Neurodegeneration and CNS Inflammation

Dr Colm Cunningham
Research Lecturer/Wellcome Trust Fellow
Phone: +353-1- 8968528
Fax: +353-1- 8963183
Location: TCIN (Lloyd Building) Room 4.04 and Room 4.41 (Office);
Trinity Biomedical Sciences Institute: Room 5.50, Extn 1853


View audio/video clip of Dr Cunningham talking about his research (mp4, 79.2MB)

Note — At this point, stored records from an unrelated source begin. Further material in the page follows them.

(* $M_1$ has exactly two irreducible representations, both one-dimensional: the trivial representation, and the representation $L_\xi$ defined by $a\mapsto1+a'$.
   Context: Work in $\operatorname{Ver}_4^+$, the category of $k[d]/d^2$-modules ($\operatorname{char}k=2$, $k$ algebraically closed, $d$ primitive) with braiding $c(v\otimes w)=w\otimes v+dw\otimes dv$, and $a'=da$. $M_1$ is the affine group scheme sending a commutative algebra $A$ to $A$ with group operation $a*b=a+b+a'b$. Its coordinate ring is $k[X,X']$ with $\Delta(X)=X\otimes1+1\otimes X+X'\otimes X$. *)

theory Defs
  imports "HOL-Computational_Algebra.Polynomial" "Jordan_Normal_Form.Matrix"
begin

(* The coordinate ring O(M_1) = k[X,X'] as a commutative algebra in Ver_4^+.
   Commutativity in Ver_4^+ (ab = ba + b'a') forces X'^2 = 0, so O has the k-basis
   X^i X'^j with i \<in> nat and j \<in> {0,1}.  The basis element X^i X'^j is indexed by
   (i, j = 1), i.e. by a pair of type nat \<times> bool. *)
type_synonym idx = "nat \<times> bool"

(* Elements of O \<otimes> O, as coefficient functions on pairs of basis indices. *)
type_synonym 'k tens = "idx \<Rightarrow> idx \<Rightarrow> 'k"

definition tunit :: "'k::field tens" where
  "tunit = (\<lambda>p q. if p = (0, False) \<and> q = (0, False) then 1 else 0)"

(* e_p \<otimes> e_q  \<mapsto>  e_p X \<otimes> e_q *)
definition lX :: "'k::field tens \<Rightarrow> 'k tens" where
  "lX f = (\<lambda>(i, b) q. if i = 0 then 0 else f (i - 1, b) q)"
(* e_p \<otimes> e_q  \<mapsto>  e_p X' \<otimes> e_q   (X'^2 = 0) *)
definition lX' :: "'k::field tens \<Rightarrow> 'k tens" where
  "lX' f = (\<lambda>(i, b) q. if b then f (i, False) q else 0)"
(* e_p \<otimes> e_q  \<mapsto>  e_p \<otimes> e_q X *)
definition rX :: "'k::field tens \<Rightarrow> 'k tens" where
  "rX f = (\<lambda>p (i, b). if i = 0 then 0 else f p (i - 1, b))"
(* e_p \<otimes> e_q  \<mapsto>  e_p \<otimes> e_q X' *)
definition rX' :: "'k::field tens \<Rightarrow> 'k tens" where
  "rX' f = (\<lambda>p (i, b). if b then f p (i, False) else 0)"
(* e_p \<otimes> e_q  \<mapsto>  e_p \<otimes> d(e_q), where d is the derivation with dX = X', dX' = 0,
   so d(X^j) = j X^(j-1) X' and d(X^j X') = 0 *)
definition dR :: "'k::field tens \<Rightarrow> 'k tens" where
  "dR f = (\<lambda>p (i, b). if b then of_nat (i + 1) * f p (i + 1, False) else 0)"

(* Right multiplication in the braided tensor product algebra O \<otimes> O of Ver_4^+,
   (a \<otimes> b)(c \<otimes> e) = ac \<otimes> be + a c' \<otimes> b' e,
   by Delta(X) = X\<otimes>1 + 1\<otimes>X + X'\<otimes>X and by Delta(X') = X'\<otimes>1 + 1\<otimes>X' + X'\<otimes>X'. *)
definition mulDX :: "'k::field tens \<Rightarrow> 'k tens" where
  "mulDX f = (\<lambda>p q. lX f p q + lX' (dR f) p q + rX f p q + lX' (rX f) p q)"
definition mulDX' :: "'k::field tens \<Rightarrow> 'k tens" where
  "mulDX' f = (\<lambda>p q. lX' f p q + rX' f p q + lX' (rX' f) p q)"

(* Comultiplication: coprod m p q = coefficient of e_p \<otimes> e_q in Delta(e_m),
   Delta(X^i X'^j) = Delta(X)^i Delta(X')^j. *)
definition coprod :: "idx \<Rightarrow> 'k::field tens" where
  "coprod m = (let g = (mulDX ^^ fst m) tunit in if snd m then mulDX' g else g)"

(* A finite-dimensional representation of M_1 (= O(M_1)-comodule in Ver_4^+) on k^n:
   D is the action of d on V (D^2 = 0), and the coaction is
   rho(v) = \<Sum>_m (R m) v \<otimes> e_m.  The conditions say: rho is a morphism in Ver_4^+
   (commutes with d, where d acts on V \<otimes> O by D \<otimes> 1 + 1 \<otimes> d), counitality
   (epsilon(X) = epsilon(X') = 0), and coassociativity. *)
definition M1_rep :: "nat \<Rightarrow> 'k::field mat \<Rightarrow> (idx \<Rightarrow> 'k mat) \<Rightarrow> bool" where
  "M1_rep n D R \<longleftrightarrow>
     D \<in> carrier_mat n n \<and> D * D = 0\<^sub>m n n \<and>
     (\<forall>m. R m \<in> carrier_mat n n) \<and> finite {m. R m \<noteq> 0\<^sub>m n n} \<and>
     R (0, False) = 1\<^sub>m n \<and>
     (\<forall>i. R (i, False) * D = D * R (i, False)) \<and>
     (\<forall>i. R (i, True) * D = D * R (i, True) + of_nat (i + 1) \<cdot>\<^sub>m R (i + 1, False)) \<and>
     (\<forall>p q a b. a < n \<longrightarrow> b < n \<longrightarrow>
        (R p * R q) $$ (a, b) = (\<Sum>m\<in>{m. R m \<noteq> 0\<^sub>m n n}. coprod m p q * R m $$ (a, b)))"

definition is_subspace :: "nat \<Rightarrow> 'k::field vec set \<Rightarrow> bool" where
  "is_subspace n W \<longleftrightarrow> W \<subseteq> carrier_vec n \<and> 0\<^sub>v n \<in> W \<and>
     (\<forall>v\<in>W. \<forall>w\<in>W. v + w \<in> W) \<and> (\<forall>c. \<forall>v\<in>W. c \<cdot>\<^sub>v v \<in> W)"

definition M1_subrep :: "nat \<Rightarrow> 'k::field mat \<Rightarrow> (idx \<Rightarrow> 'k mat) \<Rightarrow> 'k vec set \<Rightarrow> bool" where
  "M1_subrep n D R W \<longleftrightarrow> is_subspace n W \<and> (\<forall>v\<in>W. D *\<^sub>v v \<in> W) \<and>
     (\<forall>m. \<forall>v\<in>W. R m *\<^sub>v v \<in> W)"

definition M1_irreducible :: "nat \<Rightarrow> 'k::field mat \<Rightarrow> (idx \<Rightarrow> 'k mat) \<Rightarrow> bool" where
  "M1_irreducible n D R \<longleftrightarrow> M1_rep n D R \<and> n > 0 \<and>
     (\<forall>W. M1_subrep n D R W \<longrightarrow> W = {0\<^sub>v n} \<or> W = carrier_vec n)"

definition M1_iso :: "nat \<Rightarrow> 'k::field mat \<Rightarrow> (idx \<Rightarrow> 'k mat) \<Rightarrow>
                      nat \<Rightarrow> 'k mat \<Rightarrow> (idx \<Rightarrow> 'k mat) \<Rightarrow> bool" where
  "M1_iso n D R n' D' R' \<longleftrightarrow> n = n' \<and>
     (\<exists>P \<in> carrier_mat n n. invertible_mat P \<and> P * D = D' * P \<and> (\<forall>m. P * R m = R' m * P))"

(* trivial representation: rho(v) = v \<otimes> 1 *)
definition triv_R :: "idx \<Rightarrow> 'k::field mat" where
  "triv_R m = (if m = (0, False) then 1\<^sub>m 1 else 0\<^sub>m 1 1)"

(* L_xi : a \<mapsto> 1 + a', i.e. rho(v) = v \<otimes> (1 + X') *)
definition Lxi_R :: "idx \<Rightarrow> 'k::field mat" where
  "Lxi_R m = (if m = (0, False) \<or> m = (0, True) then 1\<^sub>m 1 else 0\<^sub>m 1 1)"

end

theory Submission
  imports Defs
begin

(*
  Write \<rho>(v) = \<Sum>\<^sub>m R\<^sub>m v \<otimes> e\<^sub>m for a representation V.  The coproduct respects the
  X-degree: \<Delta>(X^i X'^j) only involves e\<^sub>p \<otimes> e\<^sub>q with deg p + deg q \<le> i.  Together with
  coassociativity, R\<^sub>p R\<^sub>q = \<Sum>\<^sub>m \<Delta>(e\<^sub>m)\<^sub>p\<^sub>q R\<^sub>m, this lets one lower the X-degree of a
  nonzero vector step by step until \<rho>(w) \<in> V \<otimes> span {1, X'}.  On the space of such
  vectors, B = R\<^sub>X' is idempotent (the X' \<otimes> X' term of \<Delta>(X')) and commutes with d (the
  defect R\<^sub>X of the compatibility of \<rho> with d vanishes there), so it contains a nonzero
  v with d v = 0 and B v \<in> {0, v}.  The line through v is a subrepresentation; hence an
  irreducible V is this line, and it is the trivial representation if B v = 0 and L\<^sub>\<xi>
  if B v = v.  These two differ since B = 0 on the first and B = 1 on the second.
*)

lemma zero_mat_mult_vec [simp]:
  "w \<in> carrier_vec nc \<Longrightarrow> 0\<^sub>m nr nc *\<^sub>v w = (0\<^sub>v nr :: 'a::semiring_0 vec)"
  by (rule eq_vecI) (auto simp: scalar_prod_def)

My main research interests are in neurodegeneration and in brain inflammation. In particular, I am interested in how systemic insults such as infection, inflammation and injury interact with, and influence, ongoing neurodegeneration and associated brain inflammation. As a post-doctoral researcher I characterised the chronic inflammatory response to chronic CNS neurodegeneration in a number of neurodegenerative models including the ME7 model of prion disease, the G93A model of motor neuron disease and the optic nerve crush model of Wallerian degeneration. The tightly controlled nature of these chronic responses can be clearly distinguished from the acute CNS inflammation at the levels of cellular recruitment, activation and inflammatory mediator expression. I also have an ongoing interest in sickness behaviour responses induced by bacterial and viral infections/mimetics and our observation of an exaggeration of these responses in animals/persons with ongoing brain inflammation has brought 2 of my major interests together: Such responses in the aged or demented incorporate episodes of delirium, a phenomenon that remains unexplained and which now represents a major research interest for me. I was recently awarded a Wellcome Trust Fellowship to develop animal models of delirium during dementia and I maintain long-standing collaborations, with the department of Experimental Psychology in Oxford University and the CNS inflammation group in the University of Southampton, exploring some of these issues. Collectively, these avenues are aimed at moving towards defining the role of activated microglia in prion disease, Alzheimer’s disease and multiple sclerosis, while considering the impact of systemic infections on these neurodegenerative diseases. As an experimental approach, I believe in the need for the combined molecular, behavioural and neuropathological / neuroanatomical study of animal models of disease and CNS dysfunction.


Post Doctoral Fellows:
Éadaoin Griffin

Research Students:
Edel Hennessy,
Niamh McGarry,
Carol Murray (part time)

Research Assistant:
Carol Murray


The Wellcome Trust


Prof Hugh Perry, University of Southampton
Prof Clive Holmes, University of Southampton
Prof J Nicholas P. Rawlins, Oxford University
Dr David Bannerman, Oxford University
Prof Alasdair MacLullich, University of Edinburgh
Prof Daniel Davis, University College London



Last updated 19 June 2014 (Email).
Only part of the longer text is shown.